Moreover, since the hot-rolled steel strip subjected to the secondary annealing treatment is sufficiently softened, unlike the conventional method, cold rolling with a high rolling reduction can be achieved without performing an intermediate annealing treatment.

Therefore, the present invention is extremely useful as a method for manufacturing high-carbon cold-rolled steel strips that are supplied as raw materials for machine parts such as cutlery, springs, washers, springs, etc., and reduces the manufacturing cost and improves productivity of the materials. In addition, great effects can be obtained in improving and stabilizing the quality of mechanical parts.
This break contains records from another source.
context
  fixes B :: "real \<Rightarrow> real" and k :: real
  assumes B_measurable: "B \<in> borel_measurable borel"
    and B_nonneg: "\<And>x. 0 \<le> B x" and B_le_1: "\<And>x. B x \<le> 1"
    and B_support: "\<And>x. k < \<bar>x\<bar> \<Longrightarrow> B x = 0"
    and B_decreasing: "\<And>x x'. \<bar>x\<bar> \<le> \<bar>x'\<bar> \<Longrightarrow> B x' \<le> B x"
begin

lemma bump_set_integrable_Icc: "set_integrable lborel {a..b} B"
  unfolding set_integrable_def
proof (rule Bochner_Integration.integrable_bound[where f="indicator {a..b} :: real \<Rightarrow> real"])
  show "integrable lborel (indicator {a..b} :: real \<Rightarrow> real)"
    by (auto intro!: integrable_real_indicator simp: emeasure_lborel_Icc_eq)
  show "(\<lambda>x. indicator {a..b} x *\<^sub>R B x) \<in> borel_measurable lborel"
    using B_measurable by simp
  show "AE x in lborel. norm (indicator {a..b} x *\<^sub>R B x) \<le> norm (indicator {a..b} x :: real)"
    using B_nonneg B_le_1 by (auto simp: indicator_def)
qed

lemma bump_integrable_on_Icc: "B integrable_on {a..b}"
  using set_borel_integral_eq_integral(1)[OF bump_set_integrable_Icc] .

lemma bump_integral_Icc_split: "a \<le> b \<Longrightarrow> b \<le> c \<Longrightarrow> integral {a..c} B = integral {a..b} B + integral {b..c} B"
  using Henstock_Kurzweil_Integration.integral_combine[OF _ _ bump_integrable_on_Icc] by simp

lemma bump_integral_Icc_bounds:
  assumes "a \<le> b"
  shows "0 \<le> integral {a..b} B" and "integral {a..b} B \<le> b - a"
proof -
  show "0 \<le> integral {a..b} B"
    by (rule Henstock_Kurzweil_Integration.integral_nonneg[OF bump_integrable_on_Icc]) (use B_nonneg in auto)
  have "integral {a..b} B \<le> integral {a..b} (\<lambda>_. 1::real)"
    by (rule integral_le[OF bump_integrable_on_Icc]) (use B_le_1 in auto)
  then show "integral {a..b} B \<le> b - a"
    using assms by simp
qed

lemma conv_box_eq_box_average: "conv (indicator {-1/2..1/2}) B = box_average B"
proof
  fix x
  have "conv (indicator {-1/2..1/2}) B x = (\<integral>u. indicator {x - 1/2..x + 1/2} u *\<^sub>R B u \<partial>lborel)"
    unfolding conv_eq_integral_reflect by (rule Bochner_Integration.integral_cong) (auto simp: indicator_def)
  also have "\<dots> = box_average B x"
    using set_borel_integral_eq_integral(2)[OF bump_set_integrable_Icc]
    unfolding set_lebesgue_integral_def box_average_def .
  finally show "conv (indicator {-1/2..1/2}) B x = box_average B x" .
qed

lemma box_average_difference:
  assumes "x \<le> y"
  shows "box_average B y - box_average B x = integral {x + 1/2..y + 1/2} B - integral {x - 1/2..y - 1/2} B"
  using bump_integral_Icc_split[of "x - 1/2" "x + 1/2" "y + 1/2"] bump_integral_Icc_split[of "x - 1/2" "y - 1/2" "y + 1/2"]
    assms unfolding box_average_def by simp

lemma box_average_lipschitz: "\<bar>box_average B y - box_average B x\<bar> \<le> \<bar>y - x\<bar>"
proof -
  have "\<bar>box_average B y - box_average B x\<bar> \<le> y - x" if "x \<le> y" for x y
    using box_average_difference[OF that] bump_integral_Icc_bounds[of "x + 1/2" "y + 1/2"]
      bump_integral_Icc_bounds[of "x - 1/2" "y - 1/2"] that by simp
  from this[of x y] this[of y x] show ?thesis
    by (cases "x \<le> y") (auto simp: abs_minus_commute)
qed

lemma continuous_on_box_average: "continuous_on UNIV (box_average B)"
proof (rule lipschitz_on_continuous_on)
  show "1-lipschitz_on UNIV (box_average B)"
    using box_average_lipschitz by (intro lipschitz_onI) (auto simp: dist_real_def)
qed

lemma box_average_bounds: "0 \<le> box_average B x" "box_average B x \<le> 1"
  using bump_integral_Icc_bounds[of "x - 1/2" "x + 1/2"] unfolding box_average_def by auto

lemma box_average_support:
  assumes "k + 1 < \<bar>x\<bar>"
  shows "box_average B x = 0"
proof -
  have "box_average B x = integral {x - 1/2..x + 1/2} (\<lambda>_. 0::real)"
    unfolding box_average_def using assms by (intro integral_cong B_support) auto
  then show ?thesis
    by simp
qed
[Brief explanation of the drawing]

FIG. 1 CI) [I[) is a graph showing the hardness of the hot rolled steel strip after primary annealing treatment, and FIG. 2 is a graph showing the hardness of the cold rolled steel strip.

Claims (1)

[Claims] 1. C: 0.6 to 1.3% by weight, Si: 0.5% by weight or less, Mn: 1% by weight or less, Cr: 1.6% by weight or less, the balance is substantially Fe. A high-carbon hot rolled steel strip having a chemical composition of Soaking and slow cooling in the first stage of cooling to just below the A_r_1 point at a cooling rate of ℃/Hr or less,
After soaking for 3 to 20 hours just below point A_c_1, 60℃/
After being subjected to a primary annealing process consisting of a second stage of soaking and slow cooling in which the material is cooled to a temperature of A_r_1 or less at a cooling rate of Hr or less,
A method for producing a high carbon cold rolled steel sheet with excellent formability and heat treatability, which comprises performing cold rolling and then performing secondary annealing treatment in a temperature range of 600° C. to just below the A_c_1 point. 2, C: 0.6 to 1.3% by weight, Si: 0.5% by weight or less, Mn: 1% by weight or less, Cr: 1.6% by weight or less, and Cu: 0.3% by weight or less, Ni : 2.2% by weight or less, W: 2.50% by weight or less, Mo: 0.30% by weight or less, V: 0.30% by weight or less, the remainder substantially A high carbon hot-rolled steel strip having a chemical composition consisting of Fe is heated in an atmosphere furnace containing 50% by volume or more of H_2 gas and the balance being N_2 gas from point A_c_1 to 78
After soaking in a temperature range of 0℃ for more than 1 hour, the first stage soaking/slow cooling is performed at a cooling rate of 60℃/Hr or less to just below the A_r_1 point, and soaking for 3 to 20 hours to just below the A_c_1 point. After holding, it is subjected to a primary annealing process consisting of a second stage of soaking and slow cooling in which it is cooled to a temperature of A_r_1 or less at a cooling rate of 60°C/Hr or less, followed by cold rolling and then 600°C to A_
A method for producing a high carbon cold-rolled steel sheet with excellent formability and heat treatability, characterized by performing a secondary annealing treatment in a temperature range just below c_1 point.